* Haeril Al Fajri
(Direktur MIND)
Kota Palopo dalam kurun waktu lima belas tahun terakhir mengalami perkembangan pesat dalam dunia pendidikan khususnya perguruan tinggi. Beberapa perguruan tinggi bahkan berhasil beralih status menjadi universitas. Saat ini berdasarkan data Kota Palopo Dalam Angka 2025 Badan Pusat Statistik (BPS) tercatat ada tiga belas perguruan tinggi yang beroperasional di Kota Palopo.
Berdasarkan data tersebut menempatkan kota Palopo sebagai kota kedua setelah Kota Makassar yang memiliki jumlah perguruan tinggi terbanyak di Provinsi Sulawesi Selatan.
Mungkin itulah yang mendasari Kota yang dulu berjuluk Kota Idaman ini, familiar dengan julukan Kota Pendidikan.
Tapi, apa sebenarnya makna Kota Pendidikan, apakah hanya karena memiliki institusi pendidikan yang jumlahnya banyak secara kuantitas atau ada entitas lain yang melekat pada Kota Pendidikan?
Pada tulisan singkat ini, saya mencoba mengurai secara empiris beberapa hal sehubungan dengan fenomena pemilihan Wali Kota dan Wakil Wali Kota Palopo;
_Pertama,_ Kota Pendidikan selayaknya menjadikan kampus sebagai lokomotif intelektual disebuah daerah, baik yang berhubungan dengan hal yang bersifat akademis maupun kebijakan pemerintah daerah. Kita bahkan sangat memahami konsep Pentahelix yang berkembang menjadi Hexahelix Collaboration dalam pembangunan daerah.
Tapi yang dapat kita cermati di kota ini bahwa, kampus tetap sibuk dengan aktifitas akademiknya dan masyarakat kota tetap sibuk dengan riuh kota yang bising. Anda dapat melihat dari ribuan jumlah tenaga pendidik di perguruan tinggi kota ini, ada berapa jumlah tenaga pendidik yang aktif, dalam ruang aktivitas kemasyarakatan untuk memperkuat struktur sosial masyarakat yang berekonomi lemah dan berpendidikan rendah.

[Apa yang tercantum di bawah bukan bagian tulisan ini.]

lemma constant_velocity_line:
  fixes f :: "real \<Rightarrow> 'b::real_normed_vector"
  assumes "\<And>s. (f has_derivative (\<lambda>h. h *\<^sub>R y)) (at s)"
  shows "f t = f 0 + t *\<^sub>R y"
proof -
  have "((\<lambda>s. f s - s *\<^sub>R y) has_derivative (\<lambda>h. 0)) (at s within UNIV)" for s
  proof -
    have "((\<lambda>s. s *\<^sub>R y) has_derivative (\<lambda>h. h *\<^sub>R y)) (at s)"
      by (auto intro!: derivative_eq_intros)
    from has_derivative_diff[OF assms this] show ?thesis by simp
  qed
  from has_derivative_zero_unique[OF convex_UNIV this, of t 0] show ?thesis
    by (simp add: algebra_simps)
qed

lemma derivative_translation_invariant:
  fixes f :: "'a::real_normed_vector \<Rightarrow> 'b::real_normed_vector"
  assumes "open S" "p \<in> S" "\<forall>q\<in>S. f (q + \<tau>) = f q"
    and "(f has_derivative D1) (at p)" "(f has_derivative D2) (at (p + \<tau>))"
  shows "D1 = D2"
proof -
  have "((\<lambda>q. q + \<tau>) has_derivative (\<lambda>h. h)) (at p)"
    by (auto intro!: derivative_eq_intros)
  from has_derivative_compose[OF this assms(5)]
  have "((\<lambda>q. f (q + \<tau>)) has_derivative D2) (at p)" by simp
  then have "(f has_derivative D2) (at p)"
    by (rule has_derivative_transform_within_open[OF _ assms(1,2)]) (use assms(3) in auto)
  with assms(4) show ?thesis using has_derivative_unique by blast
qed

text \<open>A continuous real function on a connected set whose square is constant is
constant: its values lie in the finite set {c, -c}.\<close>
lemma constant_if_square_constant:
  fixes f :: "'a::topological_space \<Rightarrow> real"
  assumes "connected S" "continuous_on S f" "\<And>p q. p \<in> S \<Longrightarrow> q \<in> S \<Longrightarrow> (f p)\<^sup>2 = (f q)\<^sup>2"
  shows "\<exists>c. \<forall>p\<in>S. f p = c"
proof (cases "S = {}")
  case False
  then obtain p0 where p0: "p0 \<in> S" by auto
  have "f ` S \<subseteq> {f p0, - f p0}"
    using assms(3)[OF _ p0] by (auto simp: power2_eq_iff)
  then have "finite (f ` S)" by (rule finite_subset) simp
  moreover have "connected (f ` S)" using assms(1,2) by (rule connected_continuous_image[rotated])
  ultimately obtain c where "f ` S = {c}" using p0 connected_finite_iff_sing by blast
  then show ?thesis by blast
qed simp

lemma smooth_on_differentiable_on: "smooth_on S f \<Longrightarrow> f differentiable_on S"
  by (erule smooth_on.cases) simp

definition slab :: "(real \<times> 'a) set \<Rightarrow> (real \<times> real \<times> 'a) set" where
  "slab V = {(u, v, x). (u, x) \<in> V}"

_Kedua_ , memontum Pemilihan Wali Kota dan Wakil Wali Kota adalah tamparan bagi julukan Kota Pandidikan. Kota Pendidikan tergerus pada praktek money politik yang memilukan dan memalukan. Hampir tidak ada ruang yang tersisa bagi etikabilitas dan intelektualitas.
Diskusi disesaki dengan pembicaraan amplop. Kita lupa bahwa Calon Wali Kota dan Wakil Wali Kota memiliki Visi Misi dan program yang lebih layak diperbincangkan.
_Ketiga_ , yang dimintai pendapat dan viral diberbagai media sosial bukan para pakar, akademisi atau praktisi yang menganggap dirinya lebih mumpuni secara gelar akademik.
Itulah yang saya sebut Anomali.
Sepertinya benar kata Robin Sharma
penulis buku MegaLiving, sebuah buku tentang manajemen stres dan spiritualitas asal Kanada, bahwa; _orang biasa menyukai hiburan dan orang luar biasa menyukai pendidikan._
Apakah pemilihan Wali Kota dan Wakil Wali Kota Palopo hanya sekadar hiburan ataukah penting sebagai pendidikan?